The src catalogs have been converted to sourceTable_visit parquet tables for quick ingest. The included `scripts/make_sourcetables_jointcal_hsc_test_data.sh` file runs the appropriate transformation tasks and cleans up temporary files.
The raw image files, which are necessary for gen3 conversion, are copied into the repo by `scripts/compress_jointcal_hsc_raw_test_data.py` which copies in the necessary data, and removes pixel-level data from the raws.
### gen3 conversion
To create a gen3 repo from the existing gen2 repo and make the exports file that is used to regenerate the gen3 repo for tests:
* Run `scripts/convert_gen2_to_gen3_hsc.sh` to create a gen3 repo from the existing gen2 repo (in the same location) and reduce the size of the created sky map.

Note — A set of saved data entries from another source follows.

lemma smf_toeplitz_coherent:
  "smf_toeplitz J \<alpha> i j c d (coherent_vec i j q) u
     = smf_l J \<alpha> i j (coherent_vec i j q) u
       + (\<Sum>n\<le>d. c n * (of_real (\<alpha> (i, j)) * q) ^ n) * coherent_vec i j q u"
proof -
  let ?k = "of_real (\<alpha> (i, j)) * q" and ?\<omega> = "coherent_vec i j q u"
  have "(\<Sum>n\<le>d. c n * ?k ^ n) * ?\<omega> = c 0 * ?\<omega> + (\<Sum>n\<in>{1..d}. c n * (?k ^ n * ?\<omega>))"
    by (simp add: atMost_atLeast0 sum.atLeast_Suc_atMost distrib_right sum_distrib_right mult.assoc)
  then show ?thesis
    by (simp add: smf_toeplitz_def smf_unit_coherent smf_lstar_pow_coherent)
qed

lemma vac_eq_resolvent_coherent:
  fixes c :: "nat \<Rightarrow> complex" and d :: nat
  assumes "z \<noteq> 0"
  defines "q \<equiv> of_real (\<alpha> (i, j)) * z"
    and "w \<equiv> 1 / z + (\<Sum>n\<le>d. c n * (of_real ((\<alpha> (i, j))\<^sup>2) * z) ^ n)"
  shows "(\<lambda>u. if u = smf_vac i j then 1 else 0)
           = (\<lambda>u. z * (w * coherent_vec i j q u - smf_toeplitz J \<alpha> i j c d (coherent_vec i j q) u))"
proof
  fix u
  let ?R = "\<Sum>n\<le>d. c n * (of_real ((\<alpha> (i, j))\<^sup>2) * z) ^ n"
    and ?\<omega> = "coherent_vec i j q u" and ?\<delta> = "if u = smf_vac i j then 1 else 0"
  have "of_real (\<alpha> (i, j)) * q = of_real ((\<alpha> (i, j))\<^sup>2) * z"
    unfolding q_def by (simp add: power2_eq_square)
  then have "smf_toeplitz J \<alpha> i j c d (coherent_vec i j q) u
      = smf_l J \<alpha> i j (coherent_vec i j q) u + ?R * ?\<omega>"
    by (simp add: smf_toeplitz_coherent)
  moreover have "z * smf_l J \<alpha> i j (coherent_vec i j q) u = ?\<omega> - ?\<delta>"
    unfolding q_def by (rule smf_l_coherent)
  moreover have "z * w = 1 + z * ?R"
    unfolding w_def using assms(1) by (simp add: field_simps)
  ultimately show "?\<delta> = z * (w * ?\<omega> - smf_toeplitz J \<alpha> i j c d (coherent_vec i j q) u)"
    by (simp add: right_diff_distrib distrib_left mult.assoc[symmetric]) (simp add: algebra_simps)
qed

end

definition vec_linear :: "(vec \<Rightarrow> vec) \<Rightarrow> bool" where
  "vec_linear A \<longleftrightarrow> (\<forall>a b x y. A (\<lambda>u. a * x u + b * y u) = (\<lambda>u. a * A x u + b * A y u))"

lemma vec_linear_funpow: "vec_linear A \<Longrightarrow> vec_linear (A ^^ n)"
  by (induction n) (auto simp: vec_linear_def)

lemma vec_linear_smf_toeplitz: "vec_linear (smf_toeplitz J \<alpha> i j c d)"
proof -
  have lin: "vec_linear (smf_l J \<alpha> i j)" "vec_linear (smf_unit J i j)"
    "vec_linear (smf_lstar J \<alpha> i j)"
    by (auto simp: vec_linear_def smf_l_def smf_unit_def smf_lstar_def algebra_simps)
  have app: "F (\<lambda>u. a * x u + b * y u) u = a * F x u + b * F y u" if "vec_linear F"
    for F and a b :: complex and x y u
    using that unfolding vec_linear_def by metis
  show ?thesis
    unfolding vec_linear_def smf_toeplitz_def
    by (simp add: app[OF lin(1)] app[OF lin(2)] app[OF vec_linear_funpow[OF lin(3)]] algebra_simps
        sum.distrib sum_distrib_left)
qed

definition bounded_vec :: "vec \<Rightarrow> real \<Rightarrow> bool" where
  "bounded_vec v M \<longleftrightarrow> (\<forall>u. norm (v u) \<le> M)"

lemma bounded_vec_nonneg: "bounded_vec v M \<Longrightarrow> 0 \<le> M"
  unfolding bounded_vec_def by (metis norm_ge_zero order_trans)

lemma bounded_vec_funpow:
  assumes "\<And>v M. bounded_vec v M \<Longrightarrow> bounded_vec (A v) (C * M)" and "bounded_vec v M"
  shows "bounded_vec ((A ^^ n) v) (C ^ n * M)"
  using assms by (induction n) (auto simp: mult.assoc)

lemma bounded_vec_smf_lstar:
  "bounded_vec v M \<Longrightarrow> bounded_vec (smf_lstar J \<alpha> i j v) (\<bar>\<alpha> (i, j)\<bar> * M)"
  using bounded_vec_nonneg[of v M] unfolding bounded_vec_def smf_lstar_def
  by (auto simp: norm_mult intro: mult_left_mono)

lemma smf_toeplitz_bounded:
  obtains C where "C \<ge> 0"
    and "\<And>v M. bounded_vec v M \<Longrightarrow> bounded_vec (smf_toeplitz J \<alpha> i j c d v) (C * M)"
proof
  let ?a = "\<bar>\<alpha> (i, j)\<bar>"
  let ?C = "?a + norm (c 0) + (\<Sum>n\<in>{1..d}. norm (c n) * ?a ^ n)"
  show "0 \<le> ?C"
    by (intro add_nonneg_nonneg sum_nonneg) auto
  fix v M
  assume v: "bounded_vec v M"
  show "bounded_vec (smf_toeplitz J \<alpha> i j c d v) (?C * M)"
    unfolding bounded_vec_def
  proof
    fix u
    have "norm (smf_l J \<alpha> i j v u) \<le> ?a * M"
      using v bounded_vec_nonneg[OF v] unfolding bounded_vec_def
      by (auto simp: smf_l_def norm_mult intro: mult_left_mono)
    moreover have "norm (c 0 * smf_unit J i j v u) \<le> norm (c 0) * M"
      using v bounded_vec_nonneg[OF v] unfolding bounded_vec_def
      by (auto simp: smf_unit_def norm_mult intro: mult_left_mono)
    moreover have "norm (\<Sum>n\<in>{1..d}. c n * (smf_lstar J \<alpha> i j ^^ n) v u)
                     \<le> (\<Sum>n\<in>{1..d}. norm (c n) * ?a ^ n) * M"
    proof -
      have "norm ((smf_lstar J \<alpha> i j ^^ n) v u) \<le> ?a ^ n * M" for n
        using bounded_vec_funpow[where A = "smf_lstar J \<alpha> i j", OF bounded_vec_smf_lstar v]
        unfolding bounded_vec_def by blast
      then have "norm (\<Sum>n\<in>{1..d}. c n * (smf_lstar J \<alpha> i j ^^ n) v u)
                   \<le> (\<Sum>n\<in>{1..d}. norm (c n) * (?a ^ n * M))"
        by (intro order_trans[OF norm_sum] sum_mono) (simp add: norm_mult mult_left_mono)
      then show ?thesis by (simp add: sum_distrib_right mult.assoc)
    qed
    ultimately show "norm (smf_toeplitz J \<alpha> i j c d v u) \<le> ?C * M"
      unfolding smf_toeplitz_def distrib_right
      by (smt (verit) norm_triangle_ineq)
  qed
qed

* Run `scripts/export_gen3_hsc.py` to export the gen3 repo to `hsc/exports.yaml`.
We only commit `hsc/exports.yaml` and the "unbounded" `camera` and `transmission_*` calibrations to git, because those (and the in-place files in the gen2 repo) are all that is necessary to reconstruct a gen3 repo for testing.
Each test has to start with a fresh repo anyway, and creating one from an exports file is fast.
The parquet file columns were renamed according to the new schema (replacing leading capitals with leading lower case; replacing ``ccd`` with ``detector``; replacing ``filter`` with ``physical_filter`` and ``band``) in DM-31889, by running `python scripts/rename_sourcetable_columns.py`.
The skyMap was added to the export file (accidentally left behind) with DM-36726.
And the isolated star catalogs were added on DM-36726 by first rerunning `python scripts/rename_sourcetable_columns.py` and followed with `python scripts/make_hsc_star_associations.py` with some additional by-hand modification of the exports.yaml described in that script.
At the same time, the visitSummary tables were updated to include (blank) skyBg sky background values which are optionally used by fgcmcal, by running `python scripts/update_hsc_visit_summaries.py`.
## LATISS
On August 24, 2023, a subset of the dithered LATISS photometric survey data was extracted from the `LATISS/runs/AUXTEL_DRP_IMAGING_2023-08A-07AB-05AB/w_2023_33/PREOPS-3613` collection on `/repo/embargo`.
First, a new isolated star catalog needed to be created with only a subset of data, using `w_2023_33`:
* `pipetask run -j 1 -b /repo/embargo -i LATISS/runs/AUXTEL_DRP_IMAGING_2023-08A-07AB-05AB/w_2023_33/PREOPS-3613 -o u/erykoff/LATISS/2023-08A-07AB-05AB/testdata_subset -p $DRP_PIPE_DIR/pipelines/LATISS/DRP.yaml#isolatedStarAssociation -d "visit in (2023051100320, 2023051100357, 2023051100390, 2023051100406, 2023051100448, 2023051100454, 2023051100278, 2023051100473, 2023051100263, 2023051100509, 2023051100304, 2023051100431, 2023051100547, 2023051100379, 2023051100495, 2023051100489, 2023051100401, 2023051100280, 2023051100303, 2023051100508)"`
Then we run the following commands in the `testdata_jointcal` root directory:
* `mkdir -p latiss/testdata`
* `python scripts/export_latiss_from_embargo.py`
## Git LFS
To clone and use this repository, you'll need Git Large File Storage (LFS).
Our [Developer Guide](http://developer.lsst.io/en/latest/tools/git_lfs.html)
explains how to set up Git LFS for LSST development.